Separate wheeling hurdle rates are applied at each stage β€” commitment hurdle rates in UC, dispatch hurdle rates in redispatch β€” reflecting the difference between scheduling and real-time congestion signals.

Operating reserves

Operating reserves ensure sufficient spare generation capacity is available to respond to unexpected outages or demand spikes. The model enforces a minimum reserve requirement at each node, based on a percentage of load. When available reserves fall short, a reserve penalty price is added to locational prices, reflecting the increased cost of maintaining reliability.

Emissions and RGGI

Generators in RGGI member states face a regional CO2 budget constraint. When the carbon shadow price exceeds trigger levels, the Cost Containment Reserve (CCR) releases additional allowances in two tiers. A high-penalty slack variable ensures feasibility if emissions exceed the budget plus CCR volumes.

Ancillary services

Ancillary service prices for NYISO are predicted using a machine learning model trained on historical zonal market data. Four products are modeled:

  • 10-minute spinning reserve β€” zonal pricing, discharge only
  • 10-minute non-synchronous reserve β€” zonal pricing, discharge only
  • 30-minute operating reserve β€” zonal pricing, discharge only
  • NYCA regulation β€” system-wide pricing, symmetric (charge and discharge). NYISO pays a single capacity price for regulation regardless of direction.

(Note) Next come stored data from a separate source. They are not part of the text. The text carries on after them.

lemma closest_point_convex_cone:
  fixes K :: "'a::euclidean_space set"
  assumes K: "closed K" "convex_cone K"
  shows "closest_point K u \<in> K" "u - closest_point K u \<in> polar_cone K"
    "(u - closest_point K u) \<bullet> closest_point K u = 0"
proof -
  define p where "p = closest_point K u"
  have "0 \<in> K" and scale: "\<And>x s. x \<in> K \<Longrightarrow> 0 \<le> s \<Longrightarrow> s *\<^sub>R x \<in> K" and "convex K"
    using K(2) convex_cone_iff[of K] by (auto simp: convex_cone_def)
  then show "p \<in> K"
    unfolding p_def using closest_point_in_set[OF K(1)] by blast
  have dot: "(u - p) \<bullet> (k - p) \<le> 0" if "k \<in> K" for k
    unfolding p_def by (rule closest_point_dot[OF \<open>convex K\<close> K(1) that])
  \<comment> \<open>Testing the projection inequality with \<open>k = 0\<close> and \<open>k = 2 p\<close>.\<close>
  show "(u - p) \<bullet> p = 0"
    using dot[OF \<open>0 \<in> K\<close>] dot[OF scale[OF \<open>p \<in> K\<close>, of 2]] by (simp add: algebra_simps)
  with dot show "u - p \<in> polar_cone K"
    by (auto simp: polar_cone_def inner_diff_right)
qed

lemma adjoint_representation_of_distance_bound:
  fixes A :: "'a::euclidean_space \<Rightarrow> 'b::euclidean_space"
  assumes A: "linear A" and K: "closed K" "convex_cone K" and "0 \<le> R"
    and bound: "\<And>w p. p \<in> K \<Longrightarrow> v \<bullet> w \<le> R * norm (A w - p)"
  shows "\<exists>y\<in>polar_cone K. norm y \<le> R \<and> v = adjoint A y"
proof -
  define C where "C = adjoint A ` (polar_cone K \<inter> cball 0 R)"
  have adj: "linear (adjoint A)"
    by (rule adjoint_linear[OF A])
  have "v \<in> C"
  proof (rule ccontr)
    assume "v \<notin> C"
    moreover have "compact C"
      unfolding C_def using adj
      by (intro compact_continuous_image linear_continuous_on linear_conv_bounded_linear[THEN iffD1]
          closed_Int_compact compact_cball closed_polar_cone)
    moreover have "convex C"
      unfolding C_def by (intro convex_linear_image adj convex_Int convex_polar_cone convex_cball)
    ultimately obtain c e where ce: "c \<bullet> v < e" "\<forall>x\<in>C. e < c \<bullet> x"
      using separating_hyperplane_closed_point compact_imp_closed by metis
    have "0 \<in> C"
      unfolding C_def using \<open>0 \<le> R\<close>
      by (auto simp: polar_cone_def linear_0[OF adj] intro!: image_eqI[of _ _ 0])
    with ce have "v \<bullet> (- c) > 0"
      by (fastforce simp: inner_commute)
    define u where "u = A (- c)"
    define p where "p = closest_point K u"
    have "p \<in> K" "u - p \<in> polar_cone K" "(u - p) \<bullet> p = 0"
      using closest_point_convex_cone[OF K, of u] by (simp_all add: p_def)
    show False
    proof (cases "u = p")
      case True
      then show False
        using bound[OF \<open>p \<in> K\<close>, of "- c"] \<open>v \<bullet> (- c) > 0\<close> by (simp add: u_def)
    next
      case False
      define y where "y = (R / norm (u - p)) *\<^sub>R (u - p)"
      have "y \<in> polar_cone K"
        using \<open>u - p \<in> polar_cone K\<close>
        using \<open>0 \<le> R\<close> by (auto simp: polar_cone_def y_def intro!: divide_nonpos_nonneg mult_nonneg_nonpos)
      moreover have "norm y = R"
        using False \<open>0 \<le> R\<close> by (simp add: y_def)
      ultimately have "e < c \<bullet> adjoint A y"
        using ce(2) by (auto simp: C_def)
      also have "c \<bullet> adjoint A y = - (u \<bullet> y)"
        using adjoint_works[OF A, of c y] linear_neg[OF A, of c] by (simp add: u_def)
      also have "u \<bullet> y = R * norm (u - p)"
      proof -
        have "u \<bullet> (u - p) = (u - p) \<bullet> (u - p)"
          using \<open>(u - p) \<bullet> p = 0\<close> by (simp add: inner_diff_left inner_commute)
        with False show ?thesis
          by (simp add: y_def power2_norm_eq_inner[symmetric] power2_eq_square)
      qed
      finally show False
        using bound[OF \<open>p \<in> K\<close>, of "- c"] ce(1) by (simp add: u_def inner_commute)
    qed
  qed
  then show ?thesis
    by (auto simp: C_def)
qed

lemma mscq_regular_normal_representation:
  fixes g :: "'a::euclidean_space \<Rightarrow> 'b::euclidean_space" and Dgx :: "'a \<Rightarrow>\<^sub>L 'b"
  assumes dg: "(g has_derivative blinfun_apply Dgx) (at x)"
    and fin: "finite F" and \<Theta>: "\<Theta> = {x. \<forall>h\<in>F. a h \<bullet> x \<le> b h}" and "g x \<in> \<Theta>"
    and U: "open U" "x \<in> U" and "0 \<le> \<kappa>"
    and ms: "\<forall>x\<in>U. infdist x {z. g z \<in> \<Theta>} \<le> \<kappa> * infdist (g x) \<Theta>"
    and v: "v \<in> regular_normal_cone {z. g z \<in> \<Theta>} x"
  shows "\<exists>y\<in>polar_cone (linearized_cone F a b (g x)). norm y \<le> \<kappa> * norm v \<and> v = adjoint Dgx y"
proof (rule adjoint_representation_of_distance_bound)
  show "linear (blinfun_apply Dgx)"
    by (simp add: blinfun.bounded_linear_right bounded_linear.linear)
  show "v \<bullet> w \<le> \<kappa> * norm v * norm (Dgx w - p)" if "p \<in> linearized_cone F a b (g x)" for w p
  proof -
    have "eventually (\<lambda>t. g x + t *\<^sub>R p \<in> \<Theta>) (at_right 0)"
      using eventually_ray_in_polyhedron[OF fin \<Theta> \<open>g x \<in> \<Theta>\<close> that] .
    then have "v \<bullet> w \<le> norm v * (\<kappa> * norm (Dgx w - p))"
      by (intro regular_normal_inner_le[OF v] mscq_infdist_along_direction[OF dg U \<open>0 \<le> \<kappa>\<close> ms])
    then show ?thesis
      by (simp add: algebra_simps)
  qed
qed (use \<open>0 \<le> \<kappa>\<close> in \<open>auto simp: closed_linearized_cone convex_cone_linearized_cone\<close>)

lemma eventually_convex_normal_cone_subset:
  fixes a :: "'c \<Rightarrow> 'b::euclidean_space"
  assumes fin: "finite F" and \<Theta>: "\<Theta> = {x. \<forall>h\<in>F. a h \<bullet> x \<le> b h}" and "z \<in> \<Theta>"
  shows "eventually (\<lambda>z'. z' \<in> \<Theta> \<longrightarrow> convex_normal_cone \<Theta> z' \<subseteq> convex_normal_cone \<Theta> z) (nhds z)"
proof -
  have "eventually (\<lambda>z'. a h \<bullet> z' \<noteq> b h) (nhds z)" if "h \<in> F - active_constraints F a b z" for h
  proof (rule tendsto_imp_eventually_ne)
    show "((\<lambda>z'. a h \<bullet> z') \<longlongrightarrow> a h \<bullet> z) (nhds z)"
      by (intro tendsto_intros filterlim_ident)
    show "a h \<bullet> z \<noteq> b h"
      using that by (simp add: active_constraints_def)
  qed
  then have "eventually (\<lambda>z'. \<forall>h\<in>F - active_constraints F a b z. a h \<bullet> z' \<noteq> b h) (nhds z)"
    using fin by (simp add: eventually_ball_finite)
  then show ?thesis
  proof eventually_elim
    case (elim z')
    then have "active_constraints F a b z' \<subseteq> active_constraints F a b z"
      by (auto simp: active_constraints_def)
    then show ?case
      using convex_normal_cone_polyhedron[OF fin \<Theta>] \<open>z \<in> \<Theta>\<close> by (auto intro!: hull_mono image_mono)
  qed
qed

Predictions are generated from solved PCM outputs and feed directly into the dispatch model for co-optimized battery revenue estimation.

Input Source Link
Historical AS prices (training data) NYISO OASIS NYISO OASIS
AS market product definitions NYISO Ancillary Services Manual NYISO Manual 2

Outputs

Macro databook

Annual system-level metrics compiled from hourly solve outputs:

  • Generation by technology β€” system-wide and per-ISO splits
  • Zonal prices β€” annual average, TB4 and TB2 spreads (top-bottom price volatility)
  • Peak demand β€” summer and winter by zone
  • Emissions β€” total CO2 and carbon price shadow values
  • Capacity prices β€” NYISO ICAP demand curve auction clearing prices by locality

Site-specific databook

Monthly and annual BESS metrics for individual storage assets:

  • Revenue β€” energy arbitrage and ancillary services
  • Cycling β€” charge/discharge cycles and degradation
  • Capacity factors β€” utilization by market product

Capacity prices

NYISO ICAP demand curve-based capacity prices are calculated for four nested localities: NYCA (statewide), G-J Locality, NYC, and Long Island. Prices clear monthly at the intersection of UCAP supply and a downward-sloping demand curve. These feed into the dispatch model’s capacity and ISC revenue calculations.

Input Source Link
Demand curve parameters NYISO 2025-2029 Demand Curve Reset Final Report NYISO DCR
UCAP spot auction results NYISO ICAP Market Reports NYISO ICAP
Capacity Accreditation Factors NYISO iCAF Set 1 NYISO ICAPWG

Dispatch model revenues

The dispatch model produces site-specific revenue forecasts broken down by stream: energy arbitrage, ancillary services (4 NYISO products), capacity market payments, and ISC contract payments. See the Dispatch Model for methodology.